The agent type used in this application is a CHAT_CONVERSATIONAL_REACT_DESCRIPTION. This agent type is used with a memory component in order to account for historical responses when chatting with the user and generating new responses. This optimizes the agent in a conversational setting with the user.

An important characteristic of the agent is the ReAct framework that it uses to generate a response. The ReAct framework is a prompting strategy that combines chain of thought reasoning with action planning. Through this iterative framework, in each step, the agent follows a sequence of events to obtain an intermediate observation. This sequence of events is repeated until the final answer is generated from the language model and returned to the user.

  1. Question: An example question that will require multiple steps to answser
  2. Thought: Reasoning step which identifies how to solve the problem and what actions to take (thought 1, action 1, observation 1) -> (thought 2, action 2, observation 2)
  3. Action: External task that the model can carry out from an allowed set of actions (tools such as retrieval QA chains)
  4. Observation: Result of carrying out the action

An example of the prompt template used by the agent is as follows. Take note of the tools available to the agent, and also the description of each tool which helps the agent to decide what action to take to obtain the final answer and respond to the user's query. This description was created during the loading of the PDF file into the application.

As an example, creating a conversation agent that has access to two retrieval QA chains as tools, the user is able to receive a relevant response that depends on multiple PDF files, due to the ReAct framework used by the agent and dynamically determining what action to take for each step in generating the final answer.

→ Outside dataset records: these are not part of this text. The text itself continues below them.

(* Let $1<p<\infty$, let $w,\sigma$ be weights, and let $\mathbb S$ be a positive generalized Haar shift. Let $\mathfrak S_p$ be the smallest constant with $\|1_Q\mathbb S(1_Q\sigma)\|_{L^p(w)}\le\mathfrak S_p\sigma(Q)^{1/p}$ for all dyadic cubes $Q$, and let $\mathfrak N_p$ be the smallest constant such that for every linearization $\mathbb L$ of $\mathbb S_\natural$, every dyadic cube $Q_0$ and every bounded $g$, \[ \Big(\int_{Q_0}\sup_{Q\in\mathscr D,\,Q\subseteq Q_0}1_Q\Big[\frac1{w(Q)}\int_Q|\mathbb L^*(1_Qgw)|\,\sigma\Big]^pw\Big)^{1/p}\le\mathfrak N_p\,\sigma(Q_0)^{1/p}\|g\|_\infty. \] Then $\mathfrak N_p\le C\mathfrak S_p$, with $C$ depending only on $p$.
   Context: $\mathscr D$: standard dyadic cubes of $\mathbb{R}^d$; $\ell(Q)$ side length. A generalized Haar shift $\mathbb Sf=\sum_{Q\in\mathscr D}\mathbb S_Qf$ has components $\mathbb S_Qf(x)=|Q|^{-1}\int_Qs_Q(x,y)f(y)\,dy$, where $s_Q$ is supported on $Q\times Q$, $\|s_Q\|_\infty\le1$, arising from the standard definition ($\mathbb S_Qf=\sum_{Q',R'}|Q|^{-1}\langle f,h^{Q'}_{R'}\rangle k^{R'}_{Q'}$ over dyadic $Q',R'\subseteq Q$ of side lengths $2^{-m}\ell(Q),2^{-n}\ell(Q)$, with $h^{Q'}_{R'}$, $k^{R'}_{Q'}$ linear combinations of indicators of the dyadic children of $R'$, resp. $Q'$, of sup norm $\le1$, and $\|\mathbb S\|_{L^2\to L^2}\le1$). Positive means $s_Q\ge0$ for all $Q$. Adjoint: $\mathbb S^*g(y)=\sum_Q|Q|^{-1}\int_Qs_Q(x,y)g(x)\,dx$. A linearization of $\mathbb S_\natural$ is $\mathbb Lf(x)=e^{i\vartheta(x)}\sum_{Q\in\mathscr D:\epsilon(x)\le\ell(Q)\le\upsilon(x)}\mathbb S_Qf(x)$ with measurable $\vartheta$ real-valued and $0<\epsilon(x)<\upsilon(x)$; $\mathbb L^*$ is its formal adjoint. Weights are nonnegative locally integrable functions, $w(E)=\int_Ew$ (the ratio is taken as $0$ if $w(Q)=0$). *)

theory Defs
  imports "HOL-Analysis.Analysis"
begin

type_synonym pt = "nat \<Rightarrow> real"

text \<open>Euclidean space R^d, realised as extensional functions on {..<d} with Lebesgue
  (product Borel) measure.\<close>
definition RdM :: "nat \<Rightarrow> pt measure" where
  "RdM d = PiM {..<d} (\<lambda>_. lborel)"

definition dcube :: "nat \<Rightarrow> int \<Rightarrow> (nat \<Rightarrow> int) \<Rightarrow> pt set" where
  "dcube d k j = {x \<in> space (RdM d). \<forall>i<d.
      of_int (j i) * 2 powr (- of_int k) \<le> x i \<and> x i < (of_int (j i) + 1) * 2 powr (- of_int k)}"

definition dyadic :: "nat \<Rightarrow> pt set set" where
  "dyadic d = {dcube d k j | k j. True}"

definition vol :: "nat \<Rightarrow> pt set \<Rightarrow> real" where
  "vol d Q = measure (RdM d) Q"

definition dlen :: "nat \<Rightarrow> pt set \<Rightarrow> real" where
  "dlen d Q = vol d Q powr (1 / real d)"

definition dchildren :: "nat \<Rightarrow> pt set \<Rightarrow> pt set set" where
  "dchildren d Q = {Q' \<in> dyadic d. Q' \<subseteq> Q \<and> dlen d Q' = dlen d Q / 2}"

definition shift_pairs :: "nat \<Rightarrow> nat \<Rightarrow> nat \<Rightarrow> pt set \<Rightarrow> (pt set \<times> pt set) set" where
  "shift_pairs d m n Q = {(Q', R'). Q' \<in> dyadic d \<and> Q' \<subseteq> Q \<and> dlen d Q' = dlen d Q / 2 ^ m
      \<and> R' \<in> dyadic d \<and> R' \<subseteq> Q \<and> dlen d R' = dlen d Q / 2 ^ n}"
lemma subst_subst:
  "i \<le> j \<Longrightarrow> subst (subst t (Suc j) (lift i v)) i (subst u j v) = subst (subst t i u) j v"
  by (induct t arbitrary: i j u v)
    (simp_all add: diff_Suc lift_subst_high split: nat.split,
      auto simp: lift_lift[symmetric] lift_subst_high)

lemma is_value_lift [simp]: "is_value (lift k V) = is_value V"
  by (cases V) auto

lemma is_value_subst: "is_value V \<Longrightarrow> is_value s \<Longrightarrow> is_value (subst V k s)"
  by (cases V) auto

section \<open>The sigma and beta_v fragments of reduction\<close>

inductive sigma_red :: "trm \<Rightarrow> trm \<Rightarrow> bool" where
  sigma1: "sigma_red (App (App (Lam M) N) P) (App (Lam (App M (lift 0 P))) N)"
| sigma3: "is_value V \<Longrightarrow> sigma_red (App V (App (Lam M) N)) (App (Lam (App (lift 0 V) M)) N)"
| ctx_lam: "sigma_red M M' \<Longrightarrow> sigma_red (Lam M) (Lam M')"
| ctx_appL: "sigma_red M M' \<Longrightarrow> sigma_red (App M N) (App M' N)"
| ctx_appR: "sigma_red N N' \<Longrightarrow> sigma_red (App M N) (App M N')"

inductive beta_red :: "trm \<Rightarrow> trm \<Rightarrow> bool" where
  beta_v: "is_value V \<Longrightarrow> beta_red (App (Lam M) V) (subst M 0 V)"
| ctx_lam: "beta_red M M' \<Longrightarrow> beta_red (Lam M) (Lam M')"
| ctx_appL: "beta_red M M' \<Longrightarrow> beta_red (App M N) (App M' N)"
| ctx_appR: "beta_red N N' \<Longrightarrow> beta_red (App M N) (App M N')"
(* Let $\Sigma$ be a non-empty finite or countably infinite alphabet and let $\mu_p$ be the probability map induced by a Bernoulli distribution $p$ on $\Sigma$. If $\alpha\in\Sigma^\omega$ is $\mu_p$-distributed, then $\alpha$ is $\mu_p$-block-distributed.
   Context: $\mu_p(a_1\cdots a_n)=\prod_{i=1}^n p(a_i)$ where $p:\Sigma\to[0,1]$, $\sum_a p(a)=1$. $\alpha$ is $\mu_p$-distributed if for every $w\in\Sigma^+$, $\lim_{N\to\infty}\#_w(\alpha|_{\le N})/N=\mu_p(w)$, where $\#_w(v)$ counts occurrences of $w$ as a contiguous block of $v$ and $\alpha|_{\le N}$ is the length-$N$ prefix. For $\alpha=x_1x_2\cdots$ and $n\ge1$, the $n$-block decomposition is $(\alpha_{(n,r)})_{r\ge1}$ with $\alpha_{(n,r)}=x_{(r-1)n+1}\cdots x_{rn}$. $\alpha$ is $\mu_p$-block-distributed if for every $n\ge1$ and every $w\in\Sigma^n$, $\lim_{k\to\infty}|\{r\le k:\alpha_{(n,r)}=w\}|/k=\mu_p(w)$. *)

theory Defs
  imports "HOL-Analysis.Analysis" "HOL-Library.Countable"
begin

text \<open>Infinite words over alphabet 'a are modelled as functions nat => 'a, indexed from 0,
  so x_1 x_2 ... corresponds to alpha 0, alpha 1, ...; finite words are lists.\<close>

definition bernoulli_dist :: "('a \<Rightarrow> real) \<Rightarrow> bool" where
  "bernoulli_dist p \<longleftrightarrow> (\<forall>a. 0 \<le> p a \<and> p a \<le> 1) \<and> (p has_sum 1) UNIV"

definition mu :: "('a \<Rightarrow> real) \<Rightarrow> 'a list \<Rightarrow> real" where
  "mu p w = (\<Prod>i<length w. p (w ! i))"

definition factor :: "(nat \<Rightarrow> 'a) \<Rightarrow> nat \<Rightarrow> nat \<Rightarrow> 'a list" where
  "factor \<alpha> i n = map \<alpha> [i..<i + n]"

definition occ_prefix :: "(nat \<Rightarrow> 'a) \<Rightarrow> 'a list \<Rightarrow> nat \<Rightarrow> nat" where
  "occ_prefix \<alpha> w N = card {i. i + length w \<le> N \<and> factor \<alpha> i (length w) = w}"

definition mu_distributed :: "('a \<Rightarrow> real) \<Rightarrow> (nat \<Rightarrow> 'a) \<Rightarrow> bool" where
  "mu_distributed p \<alpha> \<longleftrightarrow>
     (\<forall>w. w \<noteq> [] \<longrightarrow> ((\<lambda>N. real (occ_prefix \<alpha> w N) / real N) \<longlonglongrightarrow> mu p w))"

Logging and Evaluating Responses

The queries from the user and responses generated by the conversation agent in each session can be logged to a Weights & Biases project under a specific run. Weights & Biases is an MLOps platform that can implement monitoring and tracing of LLMs over time in complex interactions.

In the Weights & Biases workspace for a specific run, the list of traces are displayed according to each prompt and response pair. Each trace comprises of the input, output and the overall chain used to generate the output, while their trace timeline view displays the detail of each step that the conversation agent took to get the result.

The view provides valuable insights on how and where specific chain(s) might have gone wrong, making it useful for debugging the conversation agent to prevent issues arising for future response generations. The view can also be used to improve the conversation agent and to make it more successful in generating accurate and relevant responses.

Future Improvements

  1. For the application to be fully productionized and to be able to accept large volumes of PDF files, the vector store can be run as a Chroma Server in a Docker container separately, creating a Client to connect to it, and then pass that to LangChain.
  2. Since the application leverages on OpenAI's gpt-3.5-turbo model, having a estimated cumulative cost calculator for each conversation session would provide the user visibility into how much cost is incurred.
  3. The application can be more specialized to query documents belonging to a specific domain or field (eg finance, career advisory, education etc). Adjusting the prompt template to make the responses more relevant to the domain or field would enhance the user experience and interactiveness.
  4. Besides retrieval QA chains, additional tools can be implemented when creating the conversation agent, such as a tool to search the web if necessary to generate responses that require information outside of the context of the PDF files.
  5. The chat history for each session can be exported to a csv file for future evaluation of the generated responses. On top of this, having a voting feature in the chat window will allow users to evaluate the responses in real time, and these voting results can be exported as well. The various parameters can then be adjusted accordingly as desired.